RECORDS PROVIDED:

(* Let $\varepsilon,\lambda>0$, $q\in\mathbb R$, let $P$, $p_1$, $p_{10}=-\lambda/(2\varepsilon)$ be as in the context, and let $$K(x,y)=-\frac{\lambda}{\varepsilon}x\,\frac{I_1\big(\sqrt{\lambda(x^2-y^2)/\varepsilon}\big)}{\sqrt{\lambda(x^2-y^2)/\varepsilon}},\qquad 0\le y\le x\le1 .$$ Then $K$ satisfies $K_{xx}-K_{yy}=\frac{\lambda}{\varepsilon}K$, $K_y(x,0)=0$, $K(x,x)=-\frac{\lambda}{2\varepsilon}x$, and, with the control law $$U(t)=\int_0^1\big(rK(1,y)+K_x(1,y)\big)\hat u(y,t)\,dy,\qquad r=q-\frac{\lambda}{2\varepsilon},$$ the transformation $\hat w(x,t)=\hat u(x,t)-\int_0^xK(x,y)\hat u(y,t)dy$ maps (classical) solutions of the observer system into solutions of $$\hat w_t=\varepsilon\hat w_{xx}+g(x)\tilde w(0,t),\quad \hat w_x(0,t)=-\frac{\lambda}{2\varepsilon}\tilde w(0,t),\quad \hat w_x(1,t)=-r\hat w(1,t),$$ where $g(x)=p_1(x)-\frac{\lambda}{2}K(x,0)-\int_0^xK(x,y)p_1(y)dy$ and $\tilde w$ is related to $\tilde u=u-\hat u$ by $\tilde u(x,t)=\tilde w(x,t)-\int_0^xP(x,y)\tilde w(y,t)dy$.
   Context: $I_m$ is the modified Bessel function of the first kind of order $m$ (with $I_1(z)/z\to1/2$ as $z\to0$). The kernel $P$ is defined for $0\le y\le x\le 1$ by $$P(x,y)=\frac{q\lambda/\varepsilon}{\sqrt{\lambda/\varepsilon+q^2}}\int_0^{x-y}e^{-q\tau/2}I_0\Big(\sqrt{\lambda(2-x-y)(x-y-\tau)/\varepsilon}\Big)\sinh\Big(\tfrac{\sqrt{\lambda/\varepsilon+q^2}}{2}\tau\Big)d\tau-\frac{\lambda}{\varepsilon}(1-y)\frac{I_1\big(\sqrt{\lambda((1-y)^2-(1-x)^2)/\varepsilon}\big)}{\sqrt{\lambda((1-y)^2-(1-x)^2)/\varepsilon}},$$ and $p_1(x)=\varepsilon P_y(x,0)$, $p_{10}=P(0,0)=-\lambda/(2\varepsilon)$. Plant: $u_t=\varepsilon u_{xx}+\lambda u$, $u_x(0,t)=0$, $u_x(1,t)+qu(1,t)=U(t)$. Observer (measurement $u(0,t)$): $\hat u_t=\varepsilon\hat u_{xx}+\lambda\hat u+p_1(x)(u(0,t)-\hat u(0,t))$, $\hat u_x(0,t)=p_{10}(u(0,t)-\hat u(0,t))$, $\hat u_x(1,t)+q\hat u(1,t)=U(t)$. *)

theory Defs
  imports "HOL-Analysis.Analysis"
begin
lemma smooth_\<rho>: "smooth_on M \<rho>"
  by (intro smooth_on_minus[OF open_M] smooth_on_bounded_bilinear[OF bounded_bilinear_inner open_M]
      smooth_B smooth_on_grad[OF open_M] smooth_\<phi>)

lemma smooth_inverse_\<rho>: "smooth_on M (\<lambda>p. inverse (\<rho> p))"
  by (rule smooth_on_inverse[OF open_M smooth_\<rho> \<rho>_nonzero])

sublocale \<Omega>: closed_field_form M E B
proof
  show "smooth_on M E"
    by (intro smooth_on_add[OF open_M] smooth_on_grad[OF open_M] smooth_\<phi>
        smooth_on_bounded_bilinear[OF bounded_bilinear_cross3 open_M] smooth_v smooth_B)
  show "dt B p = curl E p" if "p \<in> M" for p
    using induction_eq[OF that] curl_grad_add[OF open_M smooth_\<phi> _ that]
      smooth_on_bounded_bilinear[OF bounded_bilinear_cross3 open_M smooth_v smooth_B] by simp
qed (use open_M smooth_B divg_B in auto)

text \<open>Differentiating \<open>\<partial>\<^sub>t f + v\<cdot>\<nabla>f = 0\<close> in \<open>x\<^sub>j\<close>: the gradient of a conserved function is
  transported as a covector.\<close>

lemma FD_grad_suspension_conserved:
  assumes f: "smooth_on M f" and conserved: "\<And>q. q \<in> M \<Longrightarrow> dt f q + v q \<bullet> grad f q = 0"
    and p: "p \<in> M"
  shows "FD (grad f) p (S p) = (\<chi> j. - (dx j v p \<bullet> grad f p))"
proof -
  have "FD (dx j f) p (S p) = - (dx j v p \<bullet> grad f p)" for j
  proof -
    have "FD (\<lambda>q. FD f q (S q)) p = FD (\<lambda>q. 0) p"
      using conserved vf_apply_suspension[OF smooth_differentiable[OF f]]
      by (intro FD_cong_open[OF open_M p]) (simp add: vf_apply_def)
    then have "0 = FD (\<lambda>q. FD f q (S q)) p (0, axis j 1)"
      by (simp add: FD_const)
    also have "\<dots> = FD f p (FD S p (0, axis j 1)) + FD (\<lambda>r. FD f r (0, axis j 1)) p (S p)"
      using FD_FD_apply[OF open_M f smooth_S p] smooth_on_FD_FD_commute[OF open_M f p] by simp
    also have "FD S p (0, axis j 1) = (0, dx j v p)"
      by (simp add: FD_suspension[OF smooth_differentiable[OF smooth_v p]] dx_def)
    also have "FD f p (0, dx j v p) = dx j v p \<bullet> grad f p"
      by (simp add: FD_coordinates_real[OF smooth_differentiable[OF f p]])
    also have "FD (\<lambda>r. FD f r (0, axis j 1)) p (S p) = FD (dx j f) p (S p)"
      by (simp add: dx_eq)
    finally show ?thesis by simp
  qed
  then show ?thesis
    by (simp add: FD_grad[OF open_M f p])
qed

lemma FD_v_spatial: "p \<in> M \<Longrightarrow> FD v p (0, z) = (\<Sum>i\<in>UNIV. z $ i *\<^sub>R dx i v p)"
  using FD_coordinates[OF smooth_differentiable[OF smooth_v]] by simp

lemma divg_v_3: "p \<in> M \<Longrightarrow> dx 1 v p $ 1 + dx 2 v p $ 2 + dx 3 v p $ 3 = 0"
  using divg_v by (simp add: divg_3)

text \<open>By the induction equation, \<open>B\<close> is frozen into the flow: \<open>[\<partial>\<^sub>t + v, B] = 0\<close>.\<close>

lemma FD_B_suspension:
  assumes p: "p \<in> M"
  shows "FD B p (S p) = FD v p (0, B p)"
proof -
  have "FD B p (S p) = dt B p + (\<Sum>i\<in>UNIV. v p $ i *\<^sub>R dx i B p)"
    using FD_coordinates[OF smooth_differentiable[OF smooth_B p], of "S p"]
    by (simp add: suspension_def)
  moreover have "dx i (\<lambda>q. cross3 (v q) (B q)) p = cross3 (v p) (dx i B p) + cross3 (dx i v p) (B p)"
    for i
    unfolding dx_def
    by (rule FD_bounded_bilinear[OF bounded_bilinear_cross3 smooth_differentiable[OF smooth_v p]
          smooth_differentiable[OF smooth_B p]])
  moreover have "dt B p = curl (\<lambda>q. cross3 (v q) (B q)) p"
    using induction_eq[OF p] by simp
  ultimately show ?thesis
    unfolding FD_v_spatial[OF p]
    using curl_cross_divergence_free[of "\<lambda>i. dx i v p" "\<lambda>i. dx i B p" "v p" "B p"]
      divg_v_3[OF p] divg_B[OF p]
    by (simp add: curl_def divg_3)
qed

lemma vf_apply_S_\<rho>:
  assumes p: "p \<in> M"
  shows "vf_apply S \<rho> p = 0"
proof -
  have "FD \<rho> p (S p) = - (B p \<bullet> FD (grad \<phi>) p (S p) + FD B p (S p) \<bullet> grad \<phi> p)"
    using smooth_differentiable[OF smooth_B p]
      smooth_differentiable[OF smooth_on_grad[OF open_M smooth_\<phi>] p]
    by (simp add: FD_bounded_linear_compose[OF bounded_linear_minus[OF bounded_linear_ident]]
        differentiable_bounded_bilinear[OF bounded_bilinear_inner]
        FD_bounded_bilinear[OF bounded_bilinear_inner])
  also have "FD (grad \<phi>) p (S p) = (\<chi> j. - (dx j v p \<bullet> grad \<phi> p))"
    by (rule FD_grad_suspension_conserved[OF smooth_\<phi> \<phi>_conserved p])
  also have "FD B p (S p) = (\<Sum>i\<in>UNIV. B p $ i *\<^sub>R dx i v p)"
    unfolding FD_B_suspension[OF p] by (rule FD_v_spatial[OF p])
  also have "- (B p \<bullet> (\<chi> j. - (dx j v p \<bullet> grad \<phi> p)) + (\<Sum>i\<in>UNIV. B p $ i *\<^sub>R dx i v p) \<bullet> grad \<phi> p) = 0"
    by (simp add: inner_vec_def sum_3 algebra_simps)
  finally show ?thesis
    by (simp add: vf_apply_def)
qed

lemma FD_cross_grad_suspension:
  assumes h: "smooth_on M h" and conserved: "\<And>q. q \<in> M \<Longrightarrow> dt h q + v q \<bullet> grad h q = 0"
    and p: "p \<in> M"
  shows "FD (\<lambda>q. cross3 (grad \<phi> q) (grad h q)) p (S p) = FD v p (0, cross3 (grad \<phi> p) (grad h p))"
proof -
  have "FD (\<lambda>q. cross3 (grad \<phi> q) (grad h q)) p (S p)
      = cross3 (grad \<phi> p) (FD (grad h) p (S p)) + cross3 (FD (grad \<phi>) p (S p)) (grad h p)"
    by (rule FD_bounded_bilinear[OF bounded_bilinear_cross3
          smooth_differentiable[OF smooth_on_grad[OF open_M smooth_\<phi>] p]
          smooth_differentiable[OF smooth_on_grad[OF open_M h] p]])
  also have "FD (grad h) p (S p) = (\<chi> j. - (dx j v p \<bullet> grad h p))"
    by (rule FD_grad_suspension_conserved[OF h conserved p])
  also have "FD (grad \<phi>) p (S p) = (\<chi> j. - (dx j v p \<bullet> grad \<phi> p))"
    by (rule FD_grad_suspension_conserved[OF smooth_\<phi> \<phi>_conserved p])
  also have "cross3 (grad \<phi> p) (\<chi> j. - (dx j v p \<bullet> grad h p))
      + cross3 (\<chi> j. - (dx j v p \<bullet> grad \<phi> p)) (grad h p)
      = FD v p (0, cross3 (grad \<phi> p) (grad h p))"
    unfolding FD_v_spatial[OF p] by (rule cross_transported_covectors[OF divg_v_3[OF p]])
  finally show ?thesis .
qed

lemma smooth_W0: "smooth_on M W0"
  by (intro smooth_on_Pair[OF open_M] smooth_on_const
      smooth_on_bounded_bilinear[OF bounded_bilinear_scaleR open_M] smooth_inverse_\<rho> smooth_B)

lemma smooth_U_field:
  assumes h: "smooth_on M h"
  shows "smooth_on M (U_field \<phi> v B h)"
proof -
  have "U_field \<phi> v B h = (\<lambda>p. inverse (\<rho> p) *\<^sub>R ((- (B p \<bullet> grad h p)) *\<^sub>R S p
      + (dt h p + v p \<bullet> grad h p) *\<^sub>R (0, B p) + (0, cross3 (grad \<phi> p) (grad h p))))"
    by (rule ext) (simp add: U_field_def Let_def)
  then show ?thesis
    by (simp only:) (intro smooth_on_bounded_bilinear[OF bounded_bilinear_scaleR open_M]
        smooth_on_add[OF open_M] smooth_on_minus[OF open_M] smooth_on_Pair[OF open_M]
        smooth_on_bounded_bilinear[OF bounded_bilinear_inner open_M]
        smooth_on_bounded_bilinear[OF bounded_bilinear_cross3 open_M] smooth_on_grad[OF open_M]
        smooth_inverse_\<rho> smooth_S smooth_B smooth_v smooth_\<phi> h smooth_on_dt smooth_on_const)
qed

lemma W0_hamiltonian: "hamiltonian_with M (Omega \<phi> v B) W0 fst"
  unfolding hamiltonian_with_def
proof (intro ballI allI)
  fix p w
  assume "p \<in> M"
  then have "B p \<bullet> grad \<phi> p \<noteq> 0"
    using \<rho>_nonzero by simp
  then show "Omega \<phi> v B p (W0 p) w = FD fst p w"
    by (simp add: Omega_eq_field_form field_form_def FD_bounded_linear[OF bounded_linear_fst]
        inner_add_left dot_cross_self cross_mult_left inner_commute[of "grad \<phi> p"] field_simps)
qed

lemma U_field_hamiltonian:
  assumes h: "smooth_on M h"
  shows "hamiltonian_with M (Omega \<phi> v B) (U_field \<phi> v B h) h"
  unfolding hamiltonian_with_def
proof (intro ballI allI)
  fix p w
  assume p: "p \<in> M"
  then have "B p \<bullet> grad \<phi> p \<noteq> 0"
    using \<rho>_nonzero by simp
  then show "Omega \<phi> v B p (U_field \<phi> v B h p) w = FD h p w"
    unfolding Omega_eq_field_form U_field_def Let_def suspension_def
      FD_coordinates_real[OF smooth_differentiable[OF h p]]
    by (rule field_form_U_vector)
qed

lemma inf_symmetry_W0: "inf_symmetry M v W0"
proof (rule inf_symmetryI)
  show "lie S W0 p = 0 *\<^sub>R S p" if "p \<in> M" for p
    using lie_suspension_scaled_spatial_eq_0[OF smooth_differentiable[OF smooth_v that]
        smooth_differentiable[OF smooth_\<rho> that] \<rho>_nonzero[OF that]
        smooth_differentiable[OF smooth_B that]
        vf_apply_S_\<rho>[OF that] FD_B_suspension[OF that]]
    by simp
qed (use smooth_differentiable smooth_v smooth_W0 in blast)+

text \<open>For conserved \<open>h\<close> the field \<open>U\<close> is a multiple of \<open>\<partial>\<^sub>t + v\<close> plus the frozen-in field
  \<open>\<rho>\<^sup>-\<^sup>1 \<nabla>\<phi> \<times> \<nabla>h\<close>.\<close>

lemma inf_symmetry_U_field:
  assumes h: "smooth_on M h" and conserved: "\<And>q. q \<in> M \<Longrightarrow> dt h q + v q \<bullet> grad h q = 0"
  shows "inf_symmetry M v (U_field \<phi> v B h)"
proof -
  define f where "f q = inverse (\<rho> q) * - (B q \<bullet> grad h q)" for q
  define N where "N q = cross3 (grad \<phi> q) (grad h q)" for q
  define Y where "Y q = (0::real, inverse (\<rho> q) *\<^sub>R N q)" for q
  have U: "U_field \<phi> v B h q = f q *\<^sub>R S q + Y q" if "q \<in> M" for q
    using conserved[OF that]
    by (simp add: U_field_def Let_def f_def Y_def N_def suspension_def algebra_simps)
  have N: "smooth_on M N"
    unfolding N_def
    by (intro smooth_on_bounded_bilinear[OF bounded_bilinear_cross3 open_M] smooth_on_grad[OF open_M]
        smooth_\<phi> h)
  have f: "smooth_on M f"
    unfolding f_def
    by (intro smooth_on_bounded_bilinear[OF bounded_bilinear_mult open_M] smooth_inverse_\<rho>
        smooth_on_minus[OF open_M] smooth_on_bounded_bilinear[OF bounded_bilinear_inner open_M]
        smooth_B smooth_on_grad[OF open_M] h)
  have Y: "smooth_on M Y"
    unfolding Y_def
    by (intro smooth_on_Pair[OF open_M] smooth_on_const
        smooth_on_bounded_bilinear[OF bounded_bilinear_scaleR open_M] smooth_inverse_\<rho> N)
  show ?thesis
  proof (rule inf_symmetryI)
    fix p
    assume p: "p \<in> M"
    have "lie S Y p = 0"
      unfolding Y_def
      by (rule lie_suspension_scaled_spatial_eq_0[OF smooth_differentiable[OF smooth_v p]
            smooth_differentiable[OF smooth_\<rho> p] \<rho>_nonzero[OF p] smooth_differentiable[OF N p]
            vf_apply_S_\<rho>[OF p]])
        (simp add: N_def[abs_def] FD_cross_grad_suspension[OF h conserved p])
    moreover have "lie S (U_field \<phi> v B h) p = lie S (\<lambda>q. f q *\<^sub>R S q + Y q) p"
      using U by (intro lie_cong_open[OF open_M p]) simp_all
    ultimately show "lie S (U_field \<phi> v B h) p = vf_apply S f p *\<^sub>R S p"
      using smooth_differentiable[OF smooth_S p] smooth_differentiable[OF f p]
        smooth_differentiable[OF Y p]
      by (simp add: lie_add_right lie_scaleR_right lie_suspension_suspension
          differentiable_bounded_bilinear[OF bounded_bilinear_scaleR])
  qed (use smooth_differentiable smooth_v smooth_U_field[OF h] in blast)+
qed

WHAT THE TASK ASKS: Give back exactly the lines from the one containing "qed (use smooth_differentiable smooth_v smooth_U_field[OF" through the end of the material above, and nothing else.

ANSWER FOR THE TASK:
  qed (use smooth_differentiable smooth_v smooth_U_field[OF h] in blast)+
qed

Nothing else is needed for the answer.